What is needed
In the entries below, find the line with "text \<open>The operators" and the line with "b_(m+1)(l) = \<lambda>_l". Reproduce those two lines and every line between them exactly, and nothing more.
BEGIN Records for the task
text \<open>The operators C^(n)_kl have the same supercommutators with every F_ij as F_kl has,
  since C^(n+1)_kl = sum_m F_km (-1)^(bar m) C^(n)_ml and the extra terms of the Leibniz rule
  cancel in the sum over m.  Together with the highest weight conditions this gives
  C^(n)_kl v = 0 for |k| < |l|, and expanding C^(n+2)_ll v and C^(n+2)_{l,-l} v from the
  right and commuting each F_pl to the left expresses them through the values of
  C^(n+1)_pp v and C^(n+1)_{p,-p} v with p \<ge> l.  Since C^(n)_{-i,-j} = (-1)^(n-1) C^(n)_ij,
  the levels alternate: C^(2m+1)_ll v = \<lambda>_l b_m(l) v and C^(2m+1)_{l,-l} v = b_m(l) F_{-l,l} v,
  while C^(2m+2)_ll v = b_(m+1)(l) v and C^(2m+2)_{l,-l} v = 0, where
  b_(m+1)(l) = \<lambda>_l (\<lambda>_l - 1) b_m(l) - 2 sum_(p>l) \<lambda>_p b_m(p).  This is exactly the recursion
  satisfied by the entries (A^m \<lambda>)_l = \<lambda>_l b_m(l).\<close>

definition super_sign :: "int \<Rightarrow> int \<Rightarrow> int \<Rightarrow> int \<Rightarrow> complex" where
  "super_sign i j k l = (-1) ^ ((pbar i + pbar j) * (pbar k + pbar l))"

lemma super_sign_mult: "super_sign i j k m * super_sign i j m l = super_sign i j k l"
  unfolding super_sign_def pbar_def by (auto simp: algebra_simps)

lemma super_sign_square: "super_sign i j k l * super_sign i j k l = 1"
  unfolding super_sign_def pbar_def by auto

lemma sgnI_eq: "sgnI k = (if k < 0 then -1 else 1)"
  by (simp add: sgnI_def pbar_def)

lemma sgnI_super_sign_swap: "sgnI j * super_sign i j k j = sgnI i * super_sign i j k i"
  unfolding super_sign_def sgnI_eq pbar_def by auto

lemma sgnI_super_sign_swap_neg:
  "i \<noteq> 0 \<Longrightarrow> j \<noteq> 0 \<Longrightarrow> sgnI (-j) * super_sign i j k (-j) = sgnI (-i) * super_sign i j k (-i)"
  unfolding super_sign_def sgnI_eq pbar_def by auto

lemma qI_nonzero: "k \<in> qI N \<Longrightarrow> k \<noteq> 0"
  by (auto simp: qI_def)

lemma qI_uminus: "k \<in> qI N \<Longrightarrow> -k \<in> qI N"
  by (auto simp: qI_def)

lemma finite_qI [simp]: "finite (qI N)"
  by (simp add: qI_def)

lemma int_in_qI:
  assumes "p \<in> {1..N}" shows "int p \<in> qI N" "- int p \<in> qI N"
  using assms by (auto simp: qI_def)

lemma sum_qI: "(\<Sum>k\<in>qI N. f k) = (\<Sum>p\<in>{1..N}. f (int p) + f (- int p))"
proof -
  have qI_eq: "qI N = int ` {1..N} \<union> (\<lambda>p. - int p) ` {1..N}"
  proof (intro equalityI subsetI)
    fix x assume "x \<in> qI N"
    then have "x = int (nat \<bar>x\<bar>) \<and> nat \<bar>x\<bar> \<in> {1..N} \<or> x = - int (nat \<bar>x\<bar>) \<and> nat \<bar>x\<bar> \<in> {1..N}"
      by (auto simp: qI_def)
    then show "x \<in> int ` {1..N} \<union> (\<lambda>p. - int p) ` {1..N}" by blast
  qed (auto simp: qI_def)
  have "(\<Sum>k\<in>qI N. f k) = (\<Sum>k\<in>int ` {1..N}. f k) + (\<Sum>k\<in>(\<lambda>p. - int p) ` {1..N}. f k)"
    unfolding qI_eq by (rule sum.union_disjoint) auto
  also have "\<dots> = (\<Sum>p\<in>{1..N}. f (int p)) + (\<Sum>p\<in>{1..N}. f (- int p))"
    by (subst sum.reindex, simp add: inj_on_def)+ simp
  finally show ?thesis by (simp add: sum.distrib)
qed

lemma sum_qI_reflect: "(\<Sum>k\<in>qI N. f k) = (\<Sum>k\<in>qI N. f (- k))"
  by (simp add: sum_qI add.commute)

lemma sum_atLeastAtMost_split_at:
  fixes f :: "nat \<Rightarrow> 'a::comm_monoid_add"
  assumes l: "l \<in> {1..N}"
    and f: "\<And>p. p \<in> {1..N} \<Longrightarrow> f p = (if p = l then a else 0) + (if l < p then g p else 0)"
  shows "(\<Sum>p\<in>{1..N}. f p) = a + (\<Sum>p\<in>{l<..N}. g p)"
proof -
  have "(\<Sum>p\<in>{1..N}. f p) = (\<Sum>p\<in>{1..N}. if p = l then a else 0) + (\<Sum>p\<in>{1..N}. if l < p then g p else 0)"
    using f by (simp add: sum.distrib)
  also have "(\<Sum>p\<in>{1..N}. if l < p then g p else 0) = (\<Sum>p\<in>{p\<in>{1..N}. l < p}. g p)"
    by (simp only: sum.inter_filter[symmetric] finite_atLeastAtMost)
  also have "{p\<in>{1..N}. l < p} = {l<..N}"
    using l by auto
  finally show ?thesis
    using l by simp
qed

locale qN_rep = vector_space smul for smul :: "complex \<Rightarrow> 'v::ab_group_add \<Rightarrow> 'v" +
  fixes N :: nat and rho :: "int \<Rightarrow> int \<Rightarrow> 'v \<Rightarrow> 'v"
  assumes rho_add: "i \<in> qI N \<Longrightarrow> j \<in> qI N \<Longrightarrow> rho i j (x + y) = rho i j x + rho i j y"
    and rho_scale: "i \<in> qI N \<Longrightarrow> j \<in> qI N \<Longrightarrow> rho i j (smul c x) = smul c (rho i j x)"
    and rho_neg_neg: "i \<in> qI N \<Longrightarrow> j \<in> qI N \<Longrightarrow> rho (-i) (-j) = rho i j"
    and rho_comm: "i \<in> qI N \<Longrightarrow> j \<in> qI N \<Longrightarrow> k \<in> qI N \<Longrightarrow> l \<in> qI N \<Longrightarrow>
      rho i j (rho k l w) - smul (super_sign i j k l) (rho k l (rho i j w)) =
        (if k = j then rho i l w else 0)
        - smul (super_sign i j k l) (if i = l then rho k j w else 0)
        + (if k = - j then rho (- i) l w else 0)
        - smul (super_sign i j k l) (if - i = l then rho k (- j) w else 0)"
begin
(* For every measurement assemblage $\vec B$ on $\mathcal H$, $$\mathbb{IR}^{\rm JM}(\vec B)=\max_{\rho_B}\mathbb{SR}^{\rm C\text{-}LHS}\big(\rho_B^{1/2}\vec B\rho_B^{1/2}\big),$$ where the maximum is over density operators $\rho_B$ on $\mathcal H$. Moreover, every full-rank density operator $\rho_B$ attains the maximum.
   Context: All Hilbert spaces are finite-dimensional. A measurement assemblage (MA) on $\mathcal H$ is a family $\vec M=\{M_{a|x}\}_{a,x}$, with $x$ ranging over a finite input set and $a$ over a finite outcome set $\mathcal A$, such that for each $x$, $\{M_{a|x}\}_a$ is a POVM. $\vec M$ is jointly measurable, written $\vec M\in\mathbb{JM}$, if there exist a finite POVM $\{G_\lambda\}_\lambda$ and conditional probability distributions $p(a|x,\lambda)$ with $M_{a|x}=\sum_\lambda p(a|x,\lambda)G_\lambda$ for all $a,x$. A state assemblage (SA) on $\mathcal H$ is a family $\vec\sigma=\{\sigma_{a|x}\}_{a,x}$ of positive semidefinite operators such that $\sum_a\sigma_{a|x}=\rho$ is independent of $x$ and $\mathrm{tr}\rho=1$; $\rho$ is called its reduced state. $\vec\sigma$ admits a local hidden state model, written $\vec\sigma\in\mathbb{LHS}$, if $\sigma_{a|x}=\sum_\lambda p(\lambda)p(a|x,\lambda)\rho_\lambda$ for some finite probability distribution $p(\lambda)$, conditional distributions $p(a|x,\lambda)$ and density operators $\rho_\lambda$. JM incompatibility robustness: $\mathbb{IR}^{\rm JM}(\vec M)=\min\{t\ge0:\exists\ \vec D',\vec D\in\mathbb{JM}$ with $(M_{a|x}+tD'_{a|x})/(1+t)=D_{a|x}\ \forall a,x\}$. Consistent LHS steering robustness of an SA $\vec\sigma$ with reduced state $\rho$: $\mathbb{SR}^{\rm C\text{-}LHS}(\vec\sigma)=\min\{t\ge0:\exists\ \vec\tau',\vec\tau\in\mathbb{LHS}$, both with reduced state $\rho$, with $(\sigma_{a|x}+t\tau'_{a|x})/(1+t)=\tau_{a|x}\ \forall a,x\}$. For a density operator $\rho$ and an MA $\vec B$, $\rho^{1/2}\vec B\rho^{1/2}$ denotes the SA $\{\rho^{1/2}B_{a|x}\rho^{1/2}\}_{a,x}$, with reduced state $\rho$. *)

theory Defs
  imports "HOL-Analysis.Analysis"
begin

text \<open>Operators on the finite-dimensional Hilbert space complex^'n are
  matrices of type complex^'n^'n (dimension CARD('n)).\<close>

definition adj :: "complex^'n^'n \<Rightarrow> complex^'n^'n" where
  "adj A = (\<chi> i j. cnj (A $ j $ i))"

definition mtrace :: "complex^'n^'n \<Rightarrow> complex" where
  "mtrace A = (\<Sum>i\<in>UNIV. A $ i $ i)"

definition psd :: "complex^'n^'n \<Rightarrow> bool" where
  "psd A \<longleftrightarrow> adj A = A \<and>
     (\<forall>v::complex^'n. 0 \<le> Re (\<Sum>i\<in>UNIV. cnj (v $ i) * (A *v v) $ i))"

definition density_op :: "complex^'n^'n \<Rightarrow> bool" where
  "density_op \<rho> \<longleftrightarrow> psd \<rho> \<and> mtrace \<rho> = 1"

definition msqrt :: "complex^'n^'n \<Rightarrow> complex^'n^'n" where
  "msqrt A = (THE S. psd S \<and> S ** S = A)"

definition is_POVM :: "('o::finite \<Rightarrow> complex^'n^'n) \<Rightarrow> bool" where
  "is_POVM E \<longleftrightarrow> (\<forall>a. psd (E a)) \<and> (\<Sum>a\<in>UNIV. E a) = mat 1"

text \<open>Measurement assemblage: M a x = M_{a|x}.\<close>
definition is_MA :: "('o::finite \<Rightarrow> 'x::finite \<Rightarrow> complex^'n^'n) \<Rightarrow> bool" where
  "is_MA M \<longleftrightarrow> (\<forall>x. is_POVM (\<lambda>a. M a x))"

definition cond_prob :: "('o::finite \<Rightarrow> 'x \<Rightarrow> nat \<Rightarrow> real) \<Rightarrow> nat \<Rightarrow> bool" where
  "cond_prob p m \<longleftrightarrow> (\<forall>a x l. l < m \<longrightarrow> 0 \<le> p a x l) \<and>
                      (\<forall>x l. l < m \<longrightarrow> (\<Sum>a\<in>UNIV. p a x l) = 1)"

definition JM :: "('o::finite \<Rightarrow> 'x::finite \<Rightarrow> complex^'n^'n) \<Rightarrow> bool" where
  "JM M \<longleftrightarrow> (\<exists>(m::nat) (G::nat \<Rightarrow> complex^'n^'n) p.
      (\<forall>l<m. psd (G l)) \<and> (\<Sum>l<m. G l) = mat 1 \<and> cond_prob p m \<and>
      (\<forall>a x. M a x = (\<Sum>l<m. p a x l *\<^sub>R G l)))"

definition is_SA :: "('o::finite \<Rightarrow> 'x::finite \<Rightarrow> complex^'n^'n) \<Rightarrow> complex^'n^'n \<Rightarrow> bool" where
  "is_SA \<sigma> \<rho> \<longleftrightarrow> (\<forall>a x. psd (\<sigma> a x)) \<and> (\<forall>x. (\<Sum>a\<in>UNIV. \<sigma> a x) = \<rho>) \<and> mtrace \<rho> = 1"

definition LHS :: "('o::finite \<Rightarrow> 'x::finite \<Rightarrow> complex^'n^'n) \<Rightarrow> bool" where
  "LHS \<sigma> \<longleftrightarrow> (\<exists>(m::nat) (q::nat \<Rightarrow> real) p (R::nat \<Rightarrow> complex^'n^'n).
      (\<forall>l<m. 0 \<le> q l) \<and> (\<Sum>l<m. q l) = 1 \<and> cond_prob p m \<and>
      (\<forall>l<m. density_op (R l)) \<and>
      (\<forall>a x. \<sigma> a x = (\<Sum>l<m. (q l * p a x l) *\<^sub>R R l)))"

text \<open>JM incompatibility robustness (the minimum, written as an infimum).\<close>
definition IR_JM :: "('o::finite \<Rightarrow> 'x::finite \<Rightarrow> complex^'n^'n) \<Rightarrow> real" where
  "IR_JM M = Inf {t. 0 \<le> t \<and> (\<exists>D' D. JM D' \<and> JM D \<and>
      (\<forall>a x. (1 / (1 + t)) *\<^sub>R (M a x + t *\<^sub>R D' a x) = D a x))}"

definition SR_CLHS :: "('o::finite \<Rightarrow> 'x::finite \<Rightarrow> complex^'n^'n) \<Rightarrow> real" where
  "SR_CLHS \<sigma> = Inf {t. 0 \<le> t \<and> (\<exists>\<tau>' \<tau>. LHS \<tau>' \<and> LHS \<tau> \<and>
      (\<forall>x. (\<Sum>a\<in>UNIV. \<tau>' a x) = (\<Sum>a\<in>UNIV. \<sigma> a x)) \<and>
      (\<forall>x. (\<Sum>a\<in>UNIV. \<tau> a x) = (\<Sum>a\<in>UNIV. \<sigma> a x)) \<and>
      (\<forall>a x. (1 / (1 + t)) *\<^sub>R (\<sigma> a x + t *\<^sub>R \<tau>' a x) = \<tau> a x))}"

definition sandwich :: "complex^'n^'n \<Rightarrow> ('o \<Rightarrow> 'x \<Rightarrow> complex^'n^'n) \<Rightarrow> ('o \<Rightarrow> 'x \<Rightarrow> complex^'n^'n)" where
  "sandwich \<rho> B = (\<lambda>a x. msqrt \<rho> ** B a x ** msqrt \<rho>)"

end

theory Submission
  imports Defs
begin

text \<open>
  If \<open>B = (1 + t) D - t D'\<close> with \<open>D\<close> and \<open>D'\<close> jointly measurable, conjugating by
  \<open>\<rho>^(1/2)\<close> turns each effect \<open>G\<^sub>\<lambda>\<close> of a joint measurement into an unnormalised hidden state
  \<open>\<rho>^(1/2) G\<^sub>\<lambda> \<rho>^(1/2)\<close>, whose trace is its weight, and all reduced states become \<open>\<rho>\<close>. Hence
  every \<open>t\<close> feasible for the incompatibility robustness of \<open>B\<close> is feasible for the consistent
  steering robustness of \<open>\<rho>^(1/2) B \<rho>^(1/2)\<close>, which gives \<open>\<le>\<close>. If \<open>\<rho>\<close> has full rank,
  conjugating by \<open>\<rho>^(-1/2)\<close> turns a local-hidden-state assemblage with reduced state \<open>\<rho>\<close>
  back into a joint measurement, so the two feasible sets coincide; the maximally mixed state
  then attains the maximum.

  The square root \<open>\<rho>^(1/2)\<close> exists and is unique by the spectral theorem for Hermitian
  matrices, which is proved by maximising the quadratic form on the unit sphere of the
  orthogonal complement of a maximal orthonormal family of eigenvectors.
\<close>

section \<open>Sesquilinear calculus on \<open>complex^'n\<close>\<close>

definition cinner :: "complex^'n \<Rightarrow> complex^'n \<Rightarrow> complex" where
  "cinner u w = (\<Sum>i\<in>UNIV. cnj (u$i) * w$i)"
END Records for the task
BEGIN Records for the task
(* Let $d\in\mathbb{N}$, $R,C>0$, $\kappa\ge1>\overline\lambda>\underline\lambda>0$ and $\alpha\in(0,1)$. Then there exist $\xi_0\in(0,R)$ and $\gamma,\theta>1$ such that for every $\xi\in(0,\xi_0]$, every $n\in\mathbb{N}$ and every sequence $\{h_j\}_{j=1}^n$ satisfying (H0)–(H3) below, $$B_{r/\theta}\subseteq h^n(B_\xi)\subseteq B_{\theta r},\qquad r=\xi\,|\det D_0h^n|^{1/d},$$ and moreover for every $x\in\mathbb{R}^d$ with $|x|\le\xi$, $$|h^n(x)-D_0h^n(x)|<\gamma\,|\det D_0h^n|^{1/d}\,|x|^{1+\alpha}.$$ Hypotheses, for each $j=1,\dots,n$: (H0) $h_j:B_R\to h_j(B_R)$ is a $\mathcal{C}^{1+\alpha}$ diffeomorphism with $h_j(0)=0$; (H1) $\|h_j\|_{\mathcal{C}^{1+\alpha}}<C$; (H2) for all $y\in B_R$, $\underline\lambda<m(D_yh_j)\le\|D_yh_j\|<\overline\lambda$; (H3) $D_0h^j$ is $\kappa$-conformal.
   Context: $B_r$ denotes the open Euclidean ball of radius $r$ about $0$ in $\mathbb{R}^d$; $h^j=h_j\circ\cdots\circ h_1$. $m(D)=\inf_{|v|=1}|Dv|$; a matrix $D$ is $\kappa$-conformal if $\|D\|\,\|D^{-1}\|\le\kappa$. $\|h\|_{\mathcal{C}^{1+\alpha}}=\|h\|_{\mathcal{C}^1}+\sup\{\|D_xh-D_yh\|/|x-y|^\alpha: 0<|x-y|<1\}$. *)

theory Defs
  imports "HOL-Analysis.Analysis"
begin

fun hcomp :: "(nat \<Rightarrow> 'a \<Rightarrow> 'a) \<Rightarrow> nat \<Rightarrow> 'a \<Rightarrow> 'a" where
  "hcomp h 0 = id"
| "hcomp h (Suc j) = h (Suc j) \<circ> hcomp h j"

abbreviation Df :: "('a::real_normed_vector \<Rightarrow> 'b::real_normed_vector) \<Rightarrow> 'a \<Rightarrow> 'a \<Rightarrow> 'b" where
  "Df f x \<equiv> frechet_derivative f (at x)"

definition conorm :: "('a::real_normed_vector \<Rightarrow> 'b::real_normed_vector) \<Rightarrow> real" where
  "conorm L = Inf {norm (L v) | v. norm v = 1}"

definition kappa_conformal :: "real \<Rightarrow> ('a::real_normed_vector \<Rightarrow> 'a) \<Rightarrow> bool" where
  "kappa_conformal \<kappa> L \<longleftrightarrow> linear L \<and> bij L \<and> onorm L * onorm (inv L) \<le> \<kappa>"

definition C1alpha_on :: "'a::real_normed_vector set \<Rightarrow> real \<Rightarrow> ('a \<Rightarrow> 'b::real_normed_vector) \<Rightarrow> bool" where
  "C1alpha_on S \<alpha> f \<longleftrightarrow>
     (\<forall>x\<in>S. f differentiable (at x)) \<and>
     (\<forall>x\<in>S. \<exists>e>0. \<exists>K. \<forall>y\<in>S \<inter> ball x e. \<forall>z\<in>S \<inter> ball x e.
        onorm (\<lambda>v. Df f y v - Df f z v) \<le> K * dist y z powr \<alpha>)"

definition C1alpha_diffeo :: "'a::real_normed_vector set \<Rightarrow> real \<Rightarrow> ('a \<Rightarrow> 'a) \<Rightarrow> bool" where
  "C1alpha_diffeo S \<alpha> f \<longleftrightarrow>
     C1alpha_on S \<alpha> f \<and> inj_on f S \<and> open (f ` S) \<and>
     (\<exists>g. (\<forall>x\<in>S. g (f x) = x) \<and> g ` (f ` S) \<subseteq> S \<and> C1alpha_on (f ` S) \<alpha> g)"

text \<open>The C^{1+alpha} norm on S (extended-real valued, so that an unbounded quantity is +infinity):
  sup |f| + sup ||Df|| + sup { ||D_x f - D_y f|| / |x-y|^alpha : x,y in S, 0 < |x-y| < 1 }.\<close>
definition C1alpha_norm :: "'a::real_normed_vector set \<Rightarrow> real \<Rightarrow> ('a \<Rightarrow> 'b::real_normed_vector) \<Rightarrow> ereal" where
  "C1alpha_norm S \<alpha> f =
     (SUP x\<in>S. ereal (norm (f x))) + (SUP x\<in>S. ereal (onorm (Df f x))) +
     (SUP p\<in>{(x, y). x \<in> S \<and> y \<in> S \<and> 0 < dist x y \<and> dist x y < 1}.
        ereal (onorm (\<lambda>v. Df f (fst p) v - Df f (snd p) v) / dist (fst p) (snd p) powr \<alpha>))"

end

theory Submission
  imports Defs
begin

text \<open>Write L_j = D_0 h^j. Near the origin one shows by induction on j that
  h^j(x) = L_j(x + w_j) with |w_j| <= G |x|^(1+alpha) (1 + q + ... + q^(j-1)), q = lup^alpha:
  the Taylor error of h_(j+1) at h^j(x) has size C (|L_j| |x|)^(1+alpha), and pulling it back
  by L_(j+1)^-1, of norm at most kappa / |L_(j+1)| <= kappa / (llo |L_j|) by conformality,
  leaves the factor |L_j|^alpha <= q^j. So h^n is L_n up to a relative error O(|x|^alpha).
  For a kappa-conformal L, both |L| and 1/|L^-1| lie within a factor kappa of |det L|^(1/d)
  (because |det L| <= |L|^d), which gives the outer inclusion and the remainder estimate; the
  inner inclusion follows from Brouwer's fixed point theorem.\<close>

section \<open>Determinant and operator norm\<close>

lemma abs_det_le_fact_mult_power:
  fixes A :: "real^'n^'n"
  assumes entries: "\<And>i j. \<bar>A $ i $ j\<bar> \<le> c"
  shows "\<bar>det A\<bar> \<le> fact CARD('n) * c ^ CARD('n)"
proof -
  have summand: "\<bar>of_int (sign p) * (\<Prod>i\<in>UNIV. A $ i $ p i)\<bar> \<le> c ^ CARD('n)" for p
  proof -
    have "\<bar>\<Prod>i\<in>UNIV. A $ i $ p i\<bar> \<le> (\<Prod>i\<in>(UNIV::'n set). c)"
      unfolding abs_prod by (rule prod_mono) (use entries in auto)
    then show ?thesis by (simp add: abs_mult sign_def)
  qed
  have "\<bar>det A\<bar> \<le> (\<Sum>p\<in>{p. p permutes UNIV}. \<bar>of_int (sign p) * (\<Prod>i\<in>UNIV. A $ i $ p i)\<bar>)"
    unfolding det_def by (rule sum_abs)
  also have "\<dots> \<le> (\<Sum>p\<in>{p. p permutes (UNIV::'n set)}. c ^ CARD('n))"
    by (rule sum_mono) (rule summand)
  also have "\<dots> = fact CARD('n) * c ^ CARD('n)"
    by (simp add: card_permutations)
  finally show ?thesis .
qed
END Records for the task
Solution to the problem
text \<open>The operators C^(n)_kl have the same supercommutators with every F_ij as F_kl has,
  since C^(n+1)_kl = sum_m F_km (-1)^(bar m) C^(n)_ml and the extra terms of the Leibniz rule
  cancel in the sum over m.  Together with the highest weight conditions this gives
  C^(n)_kl v = 0 for |k| < |l|, and expanding C^(n+2)_ll v and C^(n+2)_{l,-l} v from the
  right and commuting each F_pl to the left expresses them through the values of
  C^(n+1)_pp v and C^(n+1)_{p,-p} v with p \<ge> l.  Since C^(n)_{-i,-j} = (-1)^(n-1) C^(n)_ij,
  the levels alternate: C^(2m+1)_ll v = \<lambda>_l b_m(l) v and C^(2m+1)_{l,-l} v = b_m(l) F_{-l,l} v,
  while C^(2m+2)_ll v = b_(m+1)(l) v and C^(2m+2)_{l,-l} v = 0, where
  b_(m+1)(l) = \<lambda>_l (\<lambda>_l - 1) b_m(l) - 2 sum_(p>l) \<lambda>_p b_m(p).  This is exactly the recursion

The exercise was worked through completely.